Your objective: Only the lines from the line holding "(Lam (App (liftT" through the final line of the entries below are to be returned, exactly as they stand.

Materials provided:
(* Let $\mathbb{K}$ be a field, $S=\mathbb{K}[x_1,\ldots,x_n]$, and let $I\subseteq S$ be a support-$2$ monomial ideal with underlying simple graph $G(I)$. Suppose there is an edge $\{x_i,x_j\}\in E(G(I))$ such that every minimal vertex cover of $G(I)$ contains exactly one of $x_i,x_j$. If there is some $u\in\mathcal{G}(I)$ with $x_i^{\nu_{i,j}+1}\mid u$ or $x_j^{\nu_{j,i}+1}\mid u$, then $I^{(1)}\neq I$.
   Context: For a monomial ideal $I$, $\mathcal{G}(I)$ denotes its minimal set of monomial generators. $I$ is a support-$2$ monomial ideal if $\mathcal{G}(I)\subseteq\{x_i^ax_j^b : 1\le i<j\le n,\ a,b\ge 1\}$. The underlying simple graph $G(I)$ has vertices $x_1,\ldots,x_n$ and an edge $\{x_i,x_j\}$ whenever some element of $\mathcal{G}(I)$ has support $\{x_i,x_j\}$. For an edge $\{x_i,x_j\}$, $\nu_{i,j}$ denotes the minimum exponent of $x_i$ among the elements of $\mathcal{G}(I)$ whose support is $\{x_i,x_j\}$ (and $\nu_{j,i}$ the minimum exponent of $x_j$ among them). $I^{(1)}=\bigcap_{P\in\mathrm{MinAss}(I)}(IS_P\cap S)$, the intersection of the primary components of $I$ at its minimal primes; $I^{(1)}\neq I$ is equivalent to $I$ having an embedded associated prime. *)

theory Defs
  imports "HOL-Library.Poly_Mapping"
begin

text \<open>Polynomial ring S = K[x_i : i in 'n] (the variables are indexed by a finite type 'n,
  so n = CARD('n)).  A polynomial is a finitely supported map from exponent vectors
  (monomials) to coefficients, with the convolution product of Poly_Mapping.\<close>

type_synonym ('n, 'k) mpoly = "('n \<Rightarrow>\<^sub>0 nat) \<Rightarrow>\<^sub>0 'k"

definition monom :: "('n \<Rightarrow>\<^sub>0 nat) \<Rightarrow> ('n, 'k::field) mpoly" where
  "monom a = Poly_Mapping.single a 1"

definition is_ideal :: "('n, 'k::field) mpoly set \<Rightarrow> bool" where
  "is_ideal I \<longleftrightarrow> 0 \<in> I \<and> (\<forall>f\<in>I. \<forall>g\<in>I. f + g \<in> I) \<and> (\<forall>f\<in>I. \<forall>h. h * f \<in> I)"

definition ideal_gen :: "('n, 'k::field) mpoly set \<Rightarrow> ('n, 'k) mpoly set" where
  "ideal_gen G = \<Inter> {J. is_ideal J \<and> G \<subseteq> J}"

definition is_monomial_ideal :: "('n, 'k::field) mpoly set \<Rightarrow> bool" where
  "is_monomial_ideal I \<longleftrightarrow> (\<exists>A. I = ideal_gen (monom ` A))"

definition mingens :: "('n, 'k::field) mpoly set \<Rightarrow> ('n \<Rightarrow>\<^sub>0 nat) set" where
  "mingens I = {a. monom a \<in> I \<and>
      (\<forall>b. monom b \<in> I \<and> (\<forall>i. Poly_Mapping.lookup b i \<le> Poly_Mapping.lookup a i) \<longrightarrow> b = a)}"

definition support2 :: "('n, 'k::field) mpoly set \<Rightarrow> bool" where
  "support2 I \<longleftrightarrow> is_monomial_ideal I \<and> (\<forall>a\<in>mingens I. card (Poly_Mapping.keys a) = 2)"

definition gedge :: "('n, 'k::field) mpoly set \<Rightarrow> 'n \<Rightarrow> 'n \<Rightarrow> bool" where
  "gedge I i j \<longleftrightarrow> i \<noteq> j \<and> (\<exists>a\<in>mingens I. Poly_Mapping.keys a = {i, j})"

definition vertex_cover :: "('n, 'k::field) mpoly set \<Rightarrow> 'n set \<Rightarrow> bool" where
  "vertex_cover I C \<longleftrightarrow> (\<forall>i j. gedge I i j \<longrightarrow> i \<in> C \<or> j \<in> C)"

definition min_vertex_cover :: "('n, 'k::field) mpoly set \<Rightarrow> 'n set \<Rightarrow> bool" where
  "min_vertex_cover I C \<longleftrightarrow> vertex_cover I C \<and> (\<forall>D. D \<subseteq> C \<and> vertex_cover I D \<longrightarrow> D = C)"

definition nu :: "('n, 'k::field) mpoly set \<Rightarrow> 'n \<Rightarrow> 'n \<Rightarrow> nat" where
  "nu I i j = Min {Poly_Mapping.lookup a i | a. a \<in> mingens I \<and> Poly_Mapping.keys a = {i, j}}"

definition prime_ideal :: "('n, 'k::field) mpoly set \<Rightarrow> bool" where
  "prime_ideal P \<longleftrightarrow> is_ideal P \<and> P \<noteq> UNIV \<and> (\<forall>f g. f * g \<in> P \<longrightarrow> f \<in> P \<or> g \<in> P)"

definition min_ass :: "('n, 'k::field) mpoly set \<Rightarrow> ('n, 'k) mpoly set set" where
  "min_ass I = {P. prime_ideal P \<and> I \<subseteq> P \<and>
      (\<forall>Q. prime_ideal Q \<and> I \<subseteq> Q \<and> Q \<subseteq> P \<longrightarrow> Q = P)}"
lemma csubspace_sum: "csubspace W \<Longrightarrow> (\<And>x. x \<in> S \<Longrightarrow> f x \<in> W) \<Longrightarrow> sum f S \<in> W"
  by (induction S rule: infinite_finite_induct) (simp_all add: csubspace_def)

lemma csubspace_csm: "csubspace W \<Longrightarrow> A \<in> W \<Longrightarrow> csm c A \<in> W"
  by (simp add: csubspace_def)

lemma lin_span_base: "A \<in> G \<Longrightarrow> A \<in> lin_span G"
  unfolding lin_span_def by (intro CollectI exI[of _ "{A}"] exI[of _ "\<lambda>_. 1"]) simp

lemma csubspace_lin_span: "csubspace (lin_span G)"
  unfolding csubspace_def
proof (intro conjI ballI allI)
  show "0 \<in> lin_span G"
    unfolding lin_span_def by (intro CollectI exI[of _ "{}"]) simp
next
  fix c Y assume "Y \<in> lin_span G"
  then obtain F a where "finite F" "F \<subseteq> G" "Y = (\<Sum>A\<in>F. csm (a A) A)"
    by (auto simp: lin_span_def)
  then show "csm c Y \<in> lin_span G"
    unfolding lin_span_def
    by (intro CollectI exI[of _ F] exI[of _ "\<lambda>A. c * a A"]) (simp add: csm_sum_right csm_csm)
next
  fix Y1 Y2 assume "Y1 \<in> lin_span G" "Y2 \<in> lin_span G"
  then obtain F1 a1 F2 a2 where F: "finite F1" "F1 \<subseteq> G" "Y1 = (\<Sum>A\<in>F1. csm (a1 A) A)"
      "finite F2" "F2 \<subseteq> G" "Y2 = (\<Sum>A\<in>F2. csm (a2 A) A)"
    by (auto simp: lin_span_def)
  define a where "a A = (if A \<in> F1 then a1 A else 0) + (if A \<in> F2 then a2 A else 0)" for A
  have "Y1 = (\<Sum>A\<in>F1 \<union> F2. csm (if A \<in> F1 then a1 A else 0) A)"
    "Y2 = (\<Sum>A\<in>F1 \<union> F2. csm (if A \<in> F2 then a2 A else 0) A)"
    unfolding F(3,6) by (rule sum.mono_neutral_cong_left; use F in auto)+
  then have "Y1 + Y2 = (\<Sum>A\<in>F1 \<union> F2. csm (a A) A)"
    by (simp add: a_def csm_add_left sum.distrib)
  then show "Y1 + Y2 \<in> lin_span G"
    unfolding lin_span_def using F by (intro CollectI exI[of _ "F1 \<union> F2"] exI[of _ a]) simp
qed
section \<open>Evaluation contexts as continuations\<close>

text \<open>\<open>contE \<rho> \<kappa> E K\<close> is the continuation that a translated term receives when it is placed
  in the hole of \<open>E\<close> and the whole is run with continuation \<open>K\<close>.\<close>
primrec contE :: "(nat \<Rightarrow> tm) \<Rightarrow> (nat \<Rightarrow> tm) \<Rightarrow> ectx \<Rightarrow> tm \<Rightarrow> tm" where
  "contE \<rho> \<kappa> Hole K = K"
| "contE \<rho> \<kappa> (EApp E s) K = contE \<rho> \<kappa> E (Lam (App (App (Var 0) (liftT 0 (cpsG \<rho> \<kappa> s))) (liftT 0 K)))"
| "contE \<rho> \<kappa> (ESuc E) K = contE \<rho> \<kappa> E (Lam (App (liftT 0 K) (TSuc (Var 0))))"
| "contE \<rho> \<kappa> (ENrec r s E) K =
     contE \<rho> \<kappa> E (Lam (App (Nrec (liftT 0 (cpsG \<rho> \<kappa> r)) (liftT 0 (cps_step (cpsG \<rho> \<kappa> s))) (Var 0))
                        (liftT 0 K)))"

lemma contE_sub [simp]:
  "sub \<sigma> (contE \<rho> \<kappa> E K) = contE (\<lambda>i. sub \<sigma> (\<rho> i)) (\<lambda>j. sub \<sigma> (\<kappa> j)) E (sub \<sigma> K)"
  by (induct E arbitrary: K) simp_all

lemma contE_liftMe [simp]:
  "contE \<rho> \<kappa> (liftMe k E) K = contE \<rho> (\<lambda>i. \<kappa> (if i < k then i else Suc i)) E K"
  by (induct E arbitrary: K) (simp_all del: sub_normalise)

Answer space:
| "contE \<rho> \<kappa> (ESuc E) K = contE \<rho> \<kappa> E (Lam (App (liftT 0 K) (TSuc (Var 0))))"
| "contE \<rho> \<kappa> (ENrec r s E) K =
     contE \<rho> \<kappa> E (Lam (App (Nrec (liftT 0 (cpsG \<rho> \<kappa> r)) (liftT 0 (cps_step (cpsG \<rho> \<kappa> s))) (Var 0))
                        (liftT 0 K)))"

lemma contE_sub [simp]:
  "sub \<sigma> (contE \<rho> \<kappa> E K) = contE (\<lambda>i. sub \<sigma> (\<rho> i)) (\<lambda>j. sub \<sigma> (\<kappa> j)) E (sub \<sigma> K)"
  by (induct E arbitrary: K) simp_all

lemma contE_liftMe [simp]:
  "contE \<rho> \<kappa> (liftMe k E) K = contE \<rho> (\<lambda>i. \<kappa> (if i < k then i else Suc i)) E K"
  by (induct E arbitrary: K) (simp_all del: sub_normalise)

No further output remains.